Looks like I missed the review creation, ignore my last comment, except for the 'needs a committer/assignee' bit ;D
I believe the reason for the adjustment is that "sb_max" is for "max kernel memory taken by the socketbuffer INCLUDING MBUFS THEMSELVES"
So what is actually happening is that each MCLSIZE (size of cluster) of "data" is having MSIZE (size of mbuf) added to it.
Why is it scaled up so? Because in reality one needs MSIZE actual memory for each cluster as metadata to point to it.
And why is this done? So that you can actually trust "sb_max" to mean maximum kernel memory taken to support N bytes per socket.
I didn't realize Linux silents truncates the requested amount, that's a little scary, however I'm learning to trust more and more what Linux does.

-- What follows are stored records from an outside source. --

lemma secant_ge_coeff:
  assumes "\<forall>j\<le>d. 0 \<le> a j" "0 \<le> x" "0 \<le> y" "1 \<le> j" "j \<le> d"
  shows "a j * y ^ (j - 1) \<le> secant d a x y"
proof -
  have "y ^ (j - 1) \<le> (\<Sum>i<j. x ^ (j - Suc i) * y ^ i)"
    using member_le_sum[of "j - 1" "{..<j}" "\<lambda>i. x ^ (j - Suc i) * y ^ i"] assms by auto
  then have "a j * y ^ (j - 1) \<le> a j * (\<Sum>i<j. x ^ (j - Suc i) * y ^ i)"
    using assms by (intro mult_left_mono) auto
  also have "\<dots> \<le> secant d a x y"
    unfolding secant_def using assms by (intro member_le_sum) (auto intro!: mult_nonneg_nonneg sum_nonneg)
  finally show ?thesis .
qed

lemma power_add_ge_add_power:
  fixes x y :: real
  assumes "0 \<le> x" "0 \<le> y" "1 \<le> m"
  shows "x ^ m + y ^ m \<le> (x + y) ^ m"
  using assms(3)
proof (induction m rule: dec_induct)
  case base
  then show ?case by simp
next
  case (step m)
  have "x ^ Suc m + y ^ Suc m \<le> (x + y) * (x ^ m + y ^ m)"
    using assms by (simp add: algebra_simps)
  also have "\<dots> \<le> (x + y) * (x + y) ^ m"
    using step.IH assms by (intro mult_left_mono) auto
  finally show ?case by simp
qed

lemma suminf_le_geometric:
  fixes u :: "nat \<Rightarrow> real"
  assumes nonneg: "\<And>k. 0 \<le> u k" and step: "\<And>k. u (Suc k) \<le> r * u k"
    and r: "0 \<le> r" "r < 1"
  shows "summable u" "suminf u \<le> u 0 / (1 - r)"
proof -
  have dom: "u k \<le> r ^ k * u 0" for k
  proof (induction k)
    case (Suc k)
    have "u (Suc k) \<le> r * u k" by (rule step)
    also have "\<dots> \<le> r * (r ^ k * u 0)" using Suc r by (intro mult_left_mono) auto
    finally show ?case by simp
  qed simp
  have "(\<lambda>k. r ^ k * u 0) sums (1 / (1 - r) * u 0)"
    using r by (intro sums_mult2 geometric_sums) auto
  then have geo: "(\<lambda>k. r ^ k * u 0) sums (u 0 / (1 - r))"
    by simp
  show "summable u"
    using dom nonneg by (intro summable_comparison_test'[OF sums_summable[OF geo]]) auto
  then show "suminf u \<le> u 0 / (1 - r)"
    using dom geo by (intro sums_le[OF _ summable_sums]) auto
qed
(* Let $G=(V,E)$ be a connected edge-transitive graph that is not vertex-transitive, with minimum degree $\delta$ and maximum degree $\Delta$. If $\delta\geq 4$, or $\delta=3$ and $\Delta\geq 6$, then $|E|>2|V|-3$. If $\delta\leq 3$ and $\Delta\leq 5$, then either $|E|\leq 2|V|-3$, or $G$ is isomorphic to one of $K_{3,4}$, $K_{3,5}$, $H_{6,10}$.
   Context: All graphs are finite and simple. Vertex-transitive / edge-transitive: the automorphism group acts transitively on vertices / edges. $K_{a,b}$ is the complete bipartite graph. $H_{6,10}$ is the bipartite graph on vertex set $\{0,\dots,15\}$ with parts $\{0,\dots,5\}$ and $\{6,\dots,15\}$ and adjacency: $0:\{6,8,9,10,15\}$, $1:\{7,9,10,12,13\}$, $2:\{6,8,11,12,13\}$, $3:\{6,7,10,11,14\}$, $4:\{9,11,12,14,15\}$, $5:\{7,8,13,14,15\}$. *)

theory Defs
  imports Main
begin

definition simple_graph :: "'a set \<Rightarrow> ('a \<Rightarrow> 'a \<Rightarrow> bool) \<Rightarrow> bool" where
  "simple_graph V E \<longleftrightarrow> finite V \<and> (\<forall>u v. E u v \<longrightarrow> u \<in> V \<and> v \<in> V)
     \<and> (\<forall>u v. E u v \<longrightarrow> E v u) \<and> (\<forall>u. \<not> E u u)"

definition edges :: "'a set \<Rightarrow> ('a \<Rightarrow> 'a \<Rightarrow> bool) \<Rightarrow> 'a set set" where
  "edges V E = {{u, v} | u v. u \<in> V \<and> v \<in> V \<and> E u v}"

definition degree :: "'a set \<Rightarrow> ('a \<Rightarrow> 'a \<Rightarrow> bool) \<Rightarrow> 'a \<Rightarrow> nat" where
  "degree V E v = card {u \<in> V. E v u}"

definition min_degree :: "'a set \<Rightarrow> ('a \<Rightarrow> 'a \<Rightarrow> bool) \<Rightarrow> nat" where
  "min_degree V E = Min (degree V E ` V)"

definition max_degree :: "'a set \<Rightarrow> ('a \<Rightarrow> 'a \<Rightarrow> bool) \<Rightarrow> nat" where
  "max_degree V E = Max (degree V E ` V)"

definition connected_graph :: "'a set \<Rightarrow> ('a \<Rightarrow> 'a \<Rightarrow> bool) \<Rightarrow> bool" where
  "connected_graph V E \<longleftrightarrow> V \<noteq> {} \<and> (\<forall>u\<in>V. \<forall>v\<in>V. E\<^sup>*\<^sup>* u v)"

definition automorphism :: "'a set \<Rightarrow> ('a \<Rightarrow> 'a \<Rightarrow> bool) \<Rightarrow> ('a \<Rightarrow> 'a) \<Rightarrow> bool" where
  "automorphism V E f \<longleftrightarrow> bij_betw f V V \<and> (\<forall>u\<in>V. \<forall>v\<in>V. E u v \<longleftrightarrow> E (f u) (f v))"

definition vertex_transitive :: "'a set \<Rightarrow> ('a \<Rightarrow> 'a \<Rightarrow> bool) \<Rightarrow> bool" where
  "vertex_transitive V E \<longleftrightarrow> (\<forall>u\<in>V. \<forall>v\<in>V. \<exists>f. automorphism V E f \<and> f u = v)"

definition edge_transitive :: "'a set \<Rightarrow> ('a \<Rightarrow> 'a \<Rightarrow> bool) \<Rightarrow> bool" where
  "edge_transitive V E \<longleftrightarrow> (\<forall>e\<in>edges V E. \<forall>e'\<in>edges V E.
      \<exists>f. automorphism V E f \<and> f ` e = e')"

definition graph_iso :: "'a set \<Rightarrow> ('a \<Rightarrow> 'a \<Rightarrow> bool) \<Rightarrow> 'b set \<Rightarrow> ('b \<Rightarrow> 'b \<Rightarrow> bool) \<Rightarrow> bool" where
  "graph_iso V E V' E' \<longleftrightarrow> (\<exists>f. bij_betw f V V' \<and> (\<forall>u\<in>V. \<forall>v\<in>V. E u v \<longleftrightarrow> E' (f u) (f v)))"

definition K_bip_V :: "nat \<Rightarrow> nat \<Rightarrow> nat set" where
  "K_bip_V a b = {0..<a+b}"

definition K_bip_E :: "nat \<Rightarrow> nat \<Rightarrow> nat \<Rightarrow> nat \<Rightarrow> bool" where
  "K_bip_E a b u v \<longleftrightarrow> u < a+b \<and> v < a+b \<and> ((u < a \<and> a \<le> v) \<or> (v < a \<and> a \<le> u))"

definition H610_V :: "nat set" where
  "H610_V = {0..<16}"

definition H610_nbr :: "nat \<Rightarrow> nat set" where
  "H610_nbr i = (if i = 0 then {6,8,9,10,15}
     else if i = 1 then {7,9,10,12,13}
     else if i = 2 then {6,8,11,12,13}
     else if i = 3 then {6,7,10,11,14}
     else if i = 4 then {9,11,12,14,15}
     else if i = 5 then {7,8,13,14,15}
     else {})"

definition H610_E :: "nat \<Rightarrow> nat \<Rightarrow> bool" where
  "H610_E u v \<longleftrightarrow> (u \<le> 5 \<and> v \<in> H610_nbr u) \<or> (v \<le> 5 \<and> u \<in> H610_nbr v)"

end

(*
  The automorphism group of G has exactly two orbits A and B on the vertices; every edge joins
  them, and the group acts transitively on the edges oriented from A to B.  So G is bipartite
  and biregular with degrees dA <= dB and |E| = |A| dA = |B| dB, and the edge bound is a matter
  of arithmetic except for (dA, dB, |A|, |B|) = (3, 4, 4, 3), (3, 5, 5, 3), (3, 5, 10, 6).  In
  the first two cases dB = |A| and G is complete bipartite.  In the last one, flag-transitivity
  forces any two vertices of B to have exactly two common neighbours, so the neighbourhoods of
  the vertices of A are the blocks of a 2-(6,3,2) design on B.  Summing (k - 1) (k - 2), with
  k = |N a \<inter> S|, over a \<in> A shows that for each 3-subset S of B exactly one block equals S
  or B - S.  Once three blocks are fixed by a suitable labelling of B, these counts determine
  all ten blocks, and they are the blocks of H_{6,10}.
*)
theory Submission
  imports Defs
begin

lemma simple_graphD:
  assumes "simple_graph V E"
  shows "finite V" and "E u v \<Longrightarrow> u \<in> V" and "E u v \<Longrightarrow> v \<in> V"
    and "E u v \<Longrightarrow> E v u" and "\<not> E u u"
  using assms unfolding simple_graph_def by auto

lemma automorphism_id: "automorphism V E id"
  by (simp add: automorphism_def)

lemma automorphism_in: "automorphism V E f \<Longrightarrow> v \<in> V \<Longrightarrow> f v \<in> V"
  unfolding automorphism_def by (meson bij_betw_apply)

lemma automorphism_adj:
  "automorphism V E f \<Longrightarrow> u \<in> V \<Longrightarrow> v \<in> V \<Longrightarrow> E (f u) (f v) \<longleftrightarrow> E u v"
  by (simp add: automorphism_def)

lemma automorphism_comp:
  assumes f: "automorphism V E f" and g: "automorphism V E g"
  shows "automorphism V E (f \<circ> g)"
proof -
  have "E u v \<longleftrightarrow> E (f (g u)) (f (g v))" if "u \<in> V" "v \<in> V" for u v
    using automorphism_adj[OF f] automorphism_adj[OF g] automorphism_in[OF g] that by simp
  with f g bij_betw_trans show ?thesis unfolding automorphism_def by fastforce
qed

lemma automorphism_inv_into:
  assumes f: "automorphism V E f"
  shows "automorphism V E (inv_into V f)"
proof -
  have bij: "bij_betw f V V" using f by (simp add: automorphism_def)
  have "E u v \<longleftrightarrow> E (inv_into V f u) (inv_into V f v)" if "u \<in> V" "v \<in> V" for u v
    using automorphism_adj[OF f] bij_betw_inv_into_right[OF bij] that
      bij_betw_apply[OF bij_betw_inv_into[OF bij]] by metis
  with bij_betw_inv_into[OF bij] show ?thesis unfolding automorphism_def by blast
qed

lemma automorphism_inv_into_f_f: "automorphism V E f \<Longrightarrow> v \<in> V \<Longrightarrow> inv_into V f (f v) = v"
  unfolding automorphism_def by (meson bij_betw_imp_inj_on inv_into_f_f)

definition orbit :: "'a set \<Rightarrow> ('a \<Rightarrow> 'a \<Rightarrow> bool) \<Rightarrow> 'a \<Rightarrow> 'a set" where
  "orbit V E v = {f v | f. automorphism V E f}"

lemma orbit_iff: "w \<in> orbit V E v \<longleftrightarrow> (\<exists>f. automorphism V E f \<and> f v = w)"
  unfolding orbit_def by blast

lemma orbit_self: "v \<in> orbit V E v"
  unfolding orbit_iff using automorphism_id by (metis id_apply)

lemma orbit_subset: "v \<in> V \<Longrightarrow> orbit V E v \<subseteq> V"
  using automorphism_in by (auto simp: orbit_iff)

lemma orbit_closed:
  assumes f: "automorphism V E f" and w: "w \<in> orbit V E v"
  shows "f w \<in> orbit V E v"
proof -
  obtain g where "automorphism V E g" "g v = w" using w unfolding orbit_iff by blast
  then have "automorphism V E (f \<circ> g) \<and> (f \<circ> g) v = f w" using automorphism_comp[OF f] by simp
  then show ?thesis unfolding orbit_iff by blast
qed

lemma orbit_mono:
  assumes "w \<in> orbit V E v"
  shows "orbit V E w \<subseteq> orbit V E v"
proof
  fix x assume "x \<in> orbit V E w"
  then obtain f where f: "automorphism V E f" "f w = x" unfolding orbit_iff by blast
  show "x \<in> orbit V E v" using orbit_closed[OF f(1) assms] f(2) by simp
qed

lemma orbit_eq:
  assumes v: "v \<in> V" and w: "w \<in> orbit V E v"
  shows "orbit V E w = orbit V E v"
proof -
  obtain f where f: "automorphism V E f" "f v = w" using w unfolding orbit_iff by blast
  have "automorphism V E (inv_into V f) \<and> inv_into V f w = v"
    using automorphism_inv_into[OF f(1)] automorphism_inv_into_f_f[OF f(1) v] f(2) by simp
  then have "v \<in> orbit V E w" unfolding orbit_iff by blast
  with w show ?thesis by (intro equalityI orbit_mono)
qed

lemma vertex_transitiveI_orbit:
  assumes v: "v \<in> V" and V: "V \<subseteq> orbit V E v"
  shows "vertex_transitive V E"
  unfolding vertex_transitive_def
proof (intro ballI)
  fix u w assume "u \<in> V" "w \<in> V"
  then have "w \<in> orbit V E u" using orbit_eq[OF v, of u] V by blast
  then show "\<exists>f. automorphism V E f \<and> f u = w" unfolding orbit_iff .
qed

definition neighbours :: "'a set \<Rightarrow> ('a \<Rightarrow> 'a \<Rightarrow> bool) \<Rightarrow> 'a \<Rightarrow> 'a set" where
  "neighbours V E v = {u \<in> V. E v u}"

definition codegree :: "'a set \<Rightarrow> ('a \<Rightarrow> 'a \<Rightarrow> bool) \<Rightarrow> 'a \<Rightarrow> 'a \<Rightarrow> nat" where
  "codegree V E u v = card (neighbours V E u \<inter> neighbours V E v)"

lemma degree_eq_card_neighbours: "degree V E v = card (neighbours V E v)"
  by (simp add: degree_def neighbours_def)

lemma neighbours_automorphism:
  assumes f: "automorphism V E f" and v: "v \<in> V"
  shows "f ` neighbours V E v = neighbours V E (f v)"
proof
  show "f ` neighbours V E v \<subseteq> neighbours V E (f v)"
    using automorphism_in[OF f] automorphism_adj[OF f] v unfolding neighbours_def by auto
  show "neighbours V E (f v) \<subseteq> f ` neighbours V E v"
  proof
    fix u assume u: "u \<in> neighbours V E (f v)"
    then obtain w where "w \<in> V" "u = f w"
      using f unfolding automorphism_def neighbours_def by (metis bij_betw_imp_surj_on imageE mem_Collect_eq)
    with u show "u \<in> f ` neighbours V E v"
      using automorphism_adj[OF f] v unfolding neighbours_def by auto
  qed
qed

lemma inj_on_automorphism: "automorphism V E f \<Longrightarrow> S \<subseteq> V \<Longrightarrow> inj_on f S"
  unfolding automorphism_def by (meson bij_betw_imp_inj_on inj_on_subset)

What might make a bit more sense in the long run is actually to make:
1) kern.ipc.maxsockbuf == max number of bytes of DATA in each socketbuffer
2) kern.ipc.maxsockbufmeta = max number of bytes of DATA + METADATA required to be allocated.

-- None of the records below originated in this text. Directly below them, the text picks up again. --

(* Consider a matched pair study and suppose the statistic $t(\cdot,\cdot)$ is effect increasing or differential increasing. If the bounded null $\overline H_0$ holds, then for every $\alpha\in(0,1)$ (with $\overline p_{\Gamma_0;k}$ computed from $q_{ij}=q_{ij}(Y)$ and $T=t(Z,Y)$): (i) for each $k$, $\{\Gamma_0\in[1,\infty]:\overline p_{\Gamma_0;k}>\alpha\}$ is a $1-\alpha$ confidence set for $\Gamma^\star_{(k)}$; (ii) for each $\Gamma_0$, $\{I-k:\overline p_{\Gamma_0;k}>\alpha,\ 0\le k\le I\}$ is a $1-\alpha$ confidence set for $I^\star(\Gamma_0)$; and (iii) these are simultaneously valid: $\mathbb P\big(\Gamma^\star\in\bigcap_{(\Gamma_0,k):\overline p_{\Gamma_0;k}\le\alpha}\mathcal S_{\Gamma_0;k}^c\big)\ge1-\alpha$.
   Context: Setting: $I$ matched pairs; potential outcomes fixed; $Z\in\mathcal Z=\{z\in\{0,1\}^{2I}:z_{i1}+z_{i2}=1\ \forall i\}$ random with true mechanism $\mathbb P(Z=z)=\prod_i\prod_j(p^\star_{ij})^{z_{ij}}$; $\Gamma^\star_i=\max_jp^\star_{ij}/\min_kp^\star_{ik}\in[1,\infty]$, $\Gamma^\star_{(k)}$ its $k$th smallest, $I^\star(\Gamma_0)=\#\{i:\Gamma^\star_i>\Gamma_0\}$, $\mathcal S_{\Gamma_0;k}=\{\Gamma\in[1,\infty]^I:\Gamma_{(k)}\le\Gamma_0\}$ ($\Gamma_{(k)}$ = $k$th smallest coordinate), complement in $[1,\infty]^I$. $Y=Z\circ Y(1)+(1-Z)\circ Y(0)$. $\overline H_0$: $Y_{ij}(1)\le Y_{ij}(0)$ for all $i,j$. $t(z,y)=\sum_i\sum_jz_{ij}q_{ij}(y)$. Effect increasing: $t(z,y+z\circ\eta+(1-z)\circ\xi)\ge t(z,y)$ for $z\in\mathcal Z$, $\eta\succcurlyeq0\succcurlyeq\xi$. Differential increasing: $t(z,y+a\circ\eta)-t(z,y)\le t(a,y+a\circ\eta)-t(a,y)$ for $z,a\in\mathcal Z$, $\eta\succcurlyeq0$. With $q_{ij}=q_{ij}(Y)$, fix an ordering by nondecreasing $|q_{i1}-q_{i2}|$ and let $\mathcal I_k$ be the first $k$ pairs; $\overline T(\Gamma_0;k)$ is a sum of independent variables equal, for $i\in\mathcal I_k$, to $\max\{q_{i1},q_{i2}\}$ w.p. $\Gamma_0/(1+\Gamma_0)$ and $\min\{q_{i1},q_{i2}\}$ otherwise, and for $i\notin\mathcal I_k$ to $\max\{q_{i1},q_{i2}\}$; $\overline p_{\Gamma_0;k}=\mathbb P(\overline T(\Gamma_0;k)\ge c)|_{c=T}$, and $\overline p_{\Gamma_0;0}=1$. *)

theory Defs
  imports Complex_Main "HOL-Library.Extended_Real"
begin
(* Let $\lambda>1$ and let $\psi=\Gamma'/\Gamma$ be the digamma function. Then the function $x\mapsto\lambda+x\big(\psi(x)-\psi(x+\lambda)\big)$, $x>0$, belongs to $\mathcal S_3$.
   Context: For $\tau>0$, $\mathcal S_\tau$ is the class of functions on $(0,\infty)$ of the form $g(x)=\int_0^\infty\frac{d\mu(t)}{(t+x)^{\tau}}+c$, where $\mu$ is a positive measure on $[0,\infty)$ making the integral converge for all $x>0$ and $c\ge 0$. *)

theory Defs
  imports "HOL-Analysis.Analysis"
begin

definition S_class :: "real \<Rightarrow> (real \<Rightarrow> real) set" where
  "S_class \<tau> = {g. \<exists>(\<mu>::real measure) (c::real).
      sets \<mu> = sets (restrict_space borel {0..}) \<and> c \<ge> 0 \<and>
      (\<forall>x>0. integrable \<mu> (\<lambda>t. 1 / (t + x) powr \<tau>) \<and>
              g x = (\<integral>t. 1 / (t + x) powr \<tau> \<partial>\<mu>) + c)}"

end

theory Submission
  imports Defs "HOL-Real_Asymp.Real_Asymp"
begin

text \<open>
  Take c = 0 and \<mu> = \<rho>(t) dt on [0, \<infinity>) with the piecewise linear density
  \<rho>(t) = 2 \<Sum>{j \<ge> 0} j (t - j)_+ - 2 \<Sum>{n \<ge> 0} (\<lambda> + n) (t - \<lambda> - n)_+.
  Between consecutive integers the first sum is affine and the second convex, so \<rho> is concave
  there; at the integers it is nonnegative by direct computation, hence \<rho> \<ge> 0.

  As the integral of 2 a (t - a)_+ / (t + x)^3 over [0, N] is a (N - a)^2 / ((a + x) (N + x)^2),
  the integral of \<rho>(t) / (t + x)^3 over [0, M + k], k = \<lfloor>\<lambda>\<rfloor>, is an explicit finite sum.
  Pairing the kinks at n + k and \<lambda> + n turns it into a partial sum of the series for
  \<psi>(x + k) - \<psi>(x + \<lambda>) plus a boundary term tending to \<lambda> - k, so it tends to
  \<lambda> + x (\<psi>(x) - \<psi>(x + \<lambda>)); the boundary term is lost if one integrates the series for \<rho>
  term by term over [0, \<infinity>). Monotone convergence gives the integral over [0, \<infinity>).
\<close>

lemma double_gauss_sum_lessThan: "2 * (\<Sum>i<n. real i) = real n * (real n - 1)"
  by (induction n) (simp_all add: algebra_simps)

@Alfred, thanks for the background info
Re (1) do you mean that when kern.ipc.maxsockbuf gets set, scale the sb_max value up by the inverse of sb_max_adj? ie, kern.ipc.maxsockbuf * 2304 / 2048. In that case, setting kern.ipc.maxsockbuf to 1000000 bytes would actually set sb_max to 1125000 (and sb_max_adj to 1000000), making it possible to set the buffers to 1000000 bytes.
Re (2), If kern.ipc.maxsockbufmeta were read/write, which of the settings would have precedence? Would you have to set maxsockbufmeta first anytime you wanted to set maxsockbuf? Or would setting maxsockbuf auto-set maxsockbufmeta?'
Re Linux silent truncation: agreed, it's scary and gives the impression that setsockopt() worked, when really it didn't do anything at all
> Re (1) do you mean that when kern.ipc.maxsockbuf gets set, scale the sb_max value up by the inverse of sb_max_adj? ie, kern.ipc.maxsockbuf * 2304 / 2048. In that case, setting kern.ipc.maxsockbuf to 1000000 bytes would actually set sb_max to 1125000 (and sb_max_adj to 1000000), making it possible to set the buffers to 1000000 bytes.
I think so. However just to be clear, let's not have a sysctl that has the following behavior:
% sysctl kern.ipc.maxsockbuf=1000000
% sysctl kern.ipc.maxsockbuf
We probably want this:
% sysctl kern.ipc.maxsockbuf=1000000
% sysctl kern.ipc.maxsockbuf
$ sysctl kern.ipc.maxsockbufmeta
> Re (2), If kern.ipc.maxsockbufmeta were read/write, which of the settings would have precedence? Would you have to set maxsockbufmeta first anytime you wanted to set maxsockbuf? Or would setting maxsockbuf auto-set maxsockbufmeta?'
I think having them auto-set each other would be the most user friendly option.
> Re Linux silent truncation: agreed, it's scary and gives the impression that setsockopt() worked, when really it didn't do anything at all
Yes. It would be a good idea to hop on a Linux kernel IRC channel/mailing list and ask them. Last time I did this I got some pretty useful information which changed my world view.
I forgot that it's actually spelled out pretty clearly in the comments of the code:
/* Don't error on this BSD doesn't and if you think
* about it this is right. Otherwise apps have to
* play 'guess the biggest size' games. RCVBUF/SNDBUF
* are treated in BSD as hints
val = min_t(u32, val, sysctl_rmem_max);
So essentially they are just treating those buffer sizes as "hints". It makes some sense, because they are correct about applications having no idea what size they can actually set it to (without root access to the system).
So that would be another option, which is to just set the buffer to min(cc, sb_max_adj)
That is interesting... how to applications warn "your system doesn't have sufficient buffering enabled for performance" ?
@Alfred, I guess on Linux there is no way to warn about that, users would have to check the buffer size limits themselves.
In conclusion, should I change my patch to do what you originally suggested? Which is to have kern.ipc.maxsockbuf represent that maximum amount of DATA that the socket can handle?
For now it makes sense to implement the sysctls as described in comment #15. changing the behavior at this point seems a bad idea.